(BRIEF)
Line by line, please look for the word "forall" in the following records, then copy each line you find it in.

(Stored data)

===============

(* Let $k$ be an unramified non-archimedean local field of residue characteristic $2$ (so $e=1$ and we take $\varpi=2$). Let $B(x)=x_1^2+x_2^2-a(x_3^2+x_4^2)$ on $k^4$, where $a=1+2u$, $u$ is a unit, and the Hilbert symbol $(a,-1)=-1$. Let $z=q^{-\beta}$, $w=zq^{-1}$, and $t\in\mathfrak o\setminus\{0\}$ with $|t|=q^{-T}$. Then \[ X^B(\beta;1)=\frac{|2|}{1-w}, \] and, if $T\ge1$, \[ X^B(\beta;t^2)=\frac{|2|}{1-wq^{-1}}+w^{2T}q^{-2T}\,\frac{1-wq^{-2}}{(1-w)(1-wq^{-1})}. \]
   Context: $k$ has ring of integers $\mathfrak o$, residue field of cardinality $q$, absolute value normalized by $|2|=q^{-1}$. On $\mathfrak o^n$ use the additive Haar measure of total mass $1$. For a quadratic form $B$ on $k^n$, $\rho\in\mathfrak o$ and integer $\ell\ge0$: $X_\ell^B(\rho)=\operatorname{meas}\{x\in\mathfrak o^n: B(x)-\rho\in 2^{\ell+1}\mathfrak o\}$ and $X^B(\beta;\rho)=\sum_{\ell\ge0}z^\ell X_\ell^B(\rho)$ with $z=q^{-\beta}$. $(\cdot,\cdot)$ is the Hilbert symbol of $k$. *)

theory Defs
  imports "HOL-Analysis.Analysis"
begin

text \<open>A non-archimedean local field k is modelled by a field type 'k together with an
  absolute value nabs. The ring of integers o = {x. nabs x \<le> 1}.\<close>

definition ointeg :: "('k::field \<Rightarrow> real) \<Rightarrow> 'k set" where
  "ointeg nabs = {x. nabs x \<le> 1}"

text \<open>Cardinality q of the residue field o / m, m = {x. nabs x < 1}.\<close>
definition residue_card :: "('k::field \<Rightarrow> real) \<Rightarrow> nat" where
  "residue_card nabs = card ((\<lambda>x. {y \<in> ointeg nabs. nabs (x - y) < 1}) ` ointeg nabs)"

text \<open>nabs is a non-archimedean absolute value making 'k a complete discretely valued
  field with finite residue field, unramified of residue characteristic 2: the value group is
  generated by nabs 2 (so 2 is a uniformizer, e = 1), normalized by nabs 2 = 1/q.\<close>
definition unram_2adic_local_field :: "('k::field \<Rightarrow> real) \<Rightarrow> bool" where
  "unram_2adic_local_field nabs \<longleftrightarrow>
     (\<forall>x. nabs x \<ge> 0) \<and> (\<forall>x. nabs x = 0 \<longleftrightarrow> x = 0) \<and>
     (\<forall>x y. nabs (x * y) = nabs x * nabs y) \<and>
     (\<forall>x y. nabs (x + y) \<le> max (nabs x) (nabs y)) \<and>
     (\<forall>f::nat \<Rightarrow> 'k. (\<forall>\<epsilon>>0. \<exists>N. \<forall>m\<ge>N. \<forall>n\<ge>N. nabs (f m - f n) < \<epsilon>) \<longrightarrow>
         (\<exists>L. \<forall>\<epsilon>>0. \<exists>N. \<forall>n\<ge>N. nabs (f n - L) < \<epsilon>)) \<and>
     finite ((\<lambda>x. {y \<in> ointeg nabs. nabs (x - y) < 1}) ` ointeg nabs) \<and>
     (\<forall>x. x \<noteq> 0 \<longrightarrow> (\<exists>n::int. nabs x = nabs 2 powi n)) \<and>
     nabs 2 = 1 / real (residue_card nabs)"

definition hilbert_symbol :: "'k::field \<Rightarrow> 'k \<Rightarrow> int" where
  "hilbert_symbol a b =
     (if \<exists>x y z. (x, y, z) \<noteq> (0, 0, 0) \<and> z ^ 2 = a * x ^ 2 + b * y ^ 2 then 1 else -1)"

text \<open>Vectors of k^n are modelled as functions nat \<Rightarrow> 'k vanishing from index n on;
  the box o^n.\<close>
definition obox :: "('k::field \<Rightarrow> real) \<Rightarrow> nat \<Rightarrow> (nat \<Rightarrow> 'k) set" where
  "obox nabs n = {x. (\<forall>i<n. nabs (x i) \<le> 1) \<and> (\<forall>i\<ge>n. x i = 0)}"

definition vcong :: "('k::field \<Rightarrow> real) \<Rightarrow> nat \<Rightarrow> nat \<Rightarrow> (nat \<Rightarrow> 'k) \<Rightarrow> (nat \<Rightarrow> 'k) \<Rightarrow> bool" where
  "vcong nabs n m x y \<longleftrightarrow> (\<forall>i<n. nabs (x i - y i) \<le> nabs 2 ^ m)"

text \<open>Haar measure (total mass 1) on o^n, given as outer content: infimum over m of
  (number of classes mod 2^m o^n meeting S) * q^(-n m). On compact open sets (finite unions of
  cosets of some 2^M o^n, in particular the sets used below) this is exactly the normalized
  additive Haar measure.\<close>
definition haar_meas :: "('k::field \<Rightarrow> real) \<Rightarrow> nat \<Rightarrow> (nat \<Rightarrow> 'k) set \<Rightarrow> real" where
  "haar_meas nabs n S =
     (INF m::nat. real (card ((\<lambda>x. {y \<in> obox nabs n. vcong nabs n m x y}) ` S))
                    / real (residue_card nabs) ^ (n * m))"

definition X_l :: "('k::field \<Rightarrow> real) \<Rightarrow> nat \<Rightarrow> ((nat \<Rightarrow> 'k) \<Rightarrow> 'k) \<Rightarrow> 'k \<Rightarrow> nat \<Rightarrow> real" where
  "X_l nabs n B \<rho> l =
     haar_meas nabs n {x \<in> obox nabs n. nabs (B x - \<rho>) \<le> nabs 2 ^ (l + 1)}"

end

theory Submission
  imports Defs
begin

text \<open>
  The form B is the reduced norm of the quaternion division algebra (a,-1), so it is
  anisotropic and multiplicative: left multiplication by a quaternion d of unit norm is a
  measure preserving bijection of o^4 that multiplies B by B(d). As the norm hits every unit
  modulo every power of 2, the set {B(x) = \<rho> mod 2^(l+1)} has the same measure for all units
  \<rho>, and counting residue classes gives X_l(\<rho>) = |2|^(l+1).
  For |\<rho>| \<le> |4| and l \<ge> 2, anisotropy forces a solution of B(x) = \<rho> mod 2^(l+1) either into
  2o^4, which reproduces the problem for \<rho>/4 at level l-2 scaled by q^-4, or into the class of
  vectors x with unit x_0 and all x_i = x_0 mod 2, whose norm has absolute value exactly |4|;
  the latter contributes only when |\<rho>| = |4|, and is counted like the unit case.
  Solving this recursion gives X_l(t^2) in closed form, and the generating series are
  geometric.
\<close>

lemma card_image_eq_same_kernel:
  assumes "\<And>a b. a \<in> A \<Longrightarrow> b \<in> A \<Longrightarrow> f a = f b \<longleftrightarrow> h a = h b"
  shows "card (f ` A) = card (h ` A) \<and> (finite (f ` A) \<longleftrightarrow> finite (h ` A))"
proof -
  define g where "g c = f (SOME a. a \<in> A \<and> h a = c)" for c
  have gh: "g (h a) = f a" if "a \<in> A" for a
  proof -
    have "\<exists>a'. a' \<in> A \<and> h a' = h a" using that by blast
    hence "(SOME a'. a' \<in> A \<and> h a' = h a) \<in> A \<and> h (SOME a'. a' \<in> A \<and> h a' = h a) = h a"
      by (rule someI_ex)
    thus ?thesis unfolding g_def using assms that by blast
  qed
  have im: "f ` A = g ` (h ` A)" using gh by (auto simp: image_iff)
  have inj: "inj_on g (h ` A)"
  proof (rule inj_onI)
    fix x y assume "x \<in> h ` A" "y \<in> h ` A" "g x = g y"
    then obtain a b where "a \<in> A" "b \<in> A" "x = h a" "y = h b" by blast
    thus "x = y" using \<open>g x = g y\<close> gh assms by auto
  qed
  show ?thesis using im inj card_image finite_image_iff by metis
qed

lemma card_by_fibres:
  assumes B: "finite B" and fA: "f ` A \<subseteq> B"
    and fin: "\<And>b. b \<in> B \<Longrightarrow> finite {a\<in>A. f a = b}"
    and k: "\<And>b. b \<in> B \<Longrightarrow> card {a\<in>A. f a = b} = k"
  shows "card A = k * card B \<and> finite A"
proof -
  have A: "A = (\<Union>b\<in>B. {a\<in>A. f a = b})" using fA by auto
  have "card (\<Union>b\<in>B. {a\<in>A. f a = b}) = (\<Sum>b\<in>B. card {a\<in>A. f a = b})"
    by (rule card_UN_disjoint) (use B fin in auto)
  also have "\<dots> = k * card B" using k by simp
  finally have c: "card A = k * card B" using A by simp
  have "finite A" by (subst A) (rule finite_UN_I[OF B fin])
  thus ?thesis using c by simp
qed

lemma card_le_by_fibres:
  assumes B: "finite B" and fA: "f ` A \<subseteq> B"
    and fin: "\<And>b. b \<in> B \<Longrightarrow> finite {a\<in>A. f a = b}"
    and k: "\<And>b. b \<in> B \<Longrightarrow> card {a\<in>A. f a = b} \<le> k"
  shows "card A \<le> k * card B \<and> finite A"
proof -
  have A: "A = (\<Union>b\<in>B. {a\<in>A. f a = b})" using fA by auto
  have "card (\<Union>b\<in>B. {a\<in>A. f a = b}) = (\<Sum>b\<in>B. card {a\<in>A. f a = b})"
    by (rule card_UN_disjoint) (use B fin in auto)
  also have "\<dots> \<le> k * card B"
    using k sum_bounded_above[of B "\<lambda>b. card {a\<in>A. f a = b}" k] by (simp add: mult.commute)
  finally have c: "card A \<le> k * card B" using A by simp
  have "finite A" by (subst A) (rule finite_UN_I[OF B fin])
  thus ?thesis using c by simp
qed

section \<open>Unramified 2-adic fields\<close>

locale unram_2adic_field =
  fixes nabs :: "'k::field \<Rightarrow> real"
  assumes unram_2adic: "unram_2adic_local_field nabs"
begin

definition p :: real where "p = nabs 2"

abbreviation q :: nat where "q \<equiv> residue_card nabs"

definition residue :: "'k \<Rightarrow> 'k set" where
  "residue x = {y \<in> ointeg nabs. nabs (x - y) < 1}"

lemma nabs_nonneg [simp]: "nabs x \<ge> 0"
  and nabs_eq_0_iff [simp]: "nabs x = 0 \<longleftrightarrow> x = 0"
  and nabs_mult: "nabs (x * y) = nabs x * nabs y"
  and nabs_add_le_max: "nabs (x + y) \<le> max (nabs x) (nabs y)"
  and finite_residues: "finite (residue ` ointeg nabs)"
  and p_eq: "p = 1 / real q"
  using unram_2adic unfolding unram_2adic_local_field_def residue_def p_def by simp_all

lemma nabs_discrete: "x \<noteq> 0 \<Longrightarrow> \<exists>n::int. nabs x = p powi n"
  using unram_2adic unfolding unram_2adic_local_field_def p_def by (elim conjE) blast

lemma nabs_complete:
  fixes f :: "nat \<Rightarrow> 'k"
  assumes "\<forall>\<epsilon>>0. \<exists>N. \<forall>m\<ge>N. \<forall>n\<ge>N. nabs (f m - f n) < \<epsilon>"
  shows "\<exists>L. \<forall>\<epsilon>>0. \<exists>N. \<forall>n\<ge>N. nabs (f n - L) < \<epsilon>"
  using unram_2adic assms unfolding unram_2adic_local_field_def by blast

lemma nabs_zero [simp]: "nabs 0 = 0"
  by simp

lemma nabs_one [simp]: "nabs 1 = 1"
proof -
  have "nabs 1 = nabs 1 * nabs 1" using nabs_mult[of 1 1] by simp
  moreover have "nabs 1 \<noteq> 0" by simp
  ultimately show ?thesis by simp
qed

lemma nabs_minus[simp]: "nabs (-x) = nabs x"
proof -
  have "nabs (-1) * nabs (-1) = 1" using nabs_mult[of "-1" "-1"] by simp
  hence "(nabs (-1))^2 = 1" by (simp add: power2_eq_square)
  hence "nabs (-1) = 1 \<or> nabs (-1) = -1" using power2_eq_1_iff by blast
  hence "nabs (-1) = 1" using nabs_nonneg[of "-1"] by linarith
  thus ?thesis using nabs_mult[of "-1" x] by simp
qed

lemma nabs_minus_commute: "nabs (x - y) = nabs (y - x)"
  by (metis minus_diff_eq nabs_minus)

lemma nabs_diff_le_max: "nabs (x-y) \<le> max (nabs x) (nabs y)"
  using nabs_add_le_max[of x "-y"] by simp

lemma nabs_add_le: "nabs x \<le> M \<Longrightarrow> nabs y \<le> M \<Longrightarrow> nabs (x+y) \<le> M"
  using nabs_add_le_max[of x y] by simp
lemma nabs_diff_le: "nabs x \<le> M \<Longrightarrow> nabs y \<le> M \<Longrightarrow> nabs (x-y) \<le> M"
  using nabs_diff_le_max[of x y] by simp

lemma nabs_diff3_le: "nabs A \<le> M \<Longrightarrow> nabs B \<le> M \<Longrightarrow> nabs C \<le> M \<Longrightarrow> nabs D \<le> M \<Longrightarrow> nabs (A - B - C - D) \<le> M"
  by (rule nabs_diff_le[OF nabs_diff_le[OF nabs_diff_le]])

lemma nabs_add3_le: "nabs A \<le> M \<Longrightarrow> nabs B \<le> M \<Longrightarrow> nabs C \<le> M \<Longrightarrow> nabs D \<le> M \<Longrightarrow> nabs (A + B + C + D) \<le> M"
  by (rule nabs_add_le[OF nabs_add_le[OF nabs_add_le]])

lemma nabs_power[simp]: "nabs (x^n) = nabs x ^ n"
  by (induction n) (simp_all add: nabs_mult)

lemma nabs_divide: "nabs (x/y) = nabs x / nabs y"
proof (cases "y = 0")
  case True thus ?thesis by simp
next
  case False
  have "nabs x = nabs (x/y) * nabs y" using nabs_mult[of "x/y" y] False by simp
  thus ?thesis using False by simp
qed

===============

(PROBLEM SOLUTION)
     (\<forall>x. nabs x \<ge> 0) \<and> (\<forall>x. nabs x = 0 \<longleftrightarrow> x = 0) \<and>
     (\<forall>x y. nabs (x * y) = nabs x * nabs y) \<and>
     (\<forall>x y. nabs (x + y) \<le> max (nabs x) (nabs y)) \<and>
     (\<forall>f::nat \<Rightarrow> 'k. (\<forall>\<epsilon>>0. \<exists>N. \<forall>m\<ge>N. \<forall>n\<ge>N. nabs (f m - f n) < \<epsilon>) \<longrightarrow>
         (\<exists>L. \<forall>\<epsilon>>0. \<exists>N. \<forall>n\<ge>N. nabs (f n - L) < \<epsilon>)) \<and>
     (\<forall>x. x \<noteq> 0 \<longrightarrow> (\<exists>n::int. nabs x = nabs 2 powi n)) \<and>
  "obox nabs n = {x. (\<forall>i<n. nabs (x i) \<le> 1) \<and> (\<forall>i\<ge>n. x i = 0)}"
  "vcong nabs n m x y \<longleftrightarrow> (\<forall>i<n. nabs (x i - y i) \<le> nabs 2 ^ m)"
  assumes "\<forall>\<epsilon>>0. \<exists>N. \<forall>m\<ge>N. \<forall>n\<ge>N. nabs (f m - f n) < \<epsilon>"
  shows "\<exists>L. \<forall>\<epsilon>>0. \<exists>N. \<forall>n\<ge>N. nabs (f n - L) < \<epsilon>"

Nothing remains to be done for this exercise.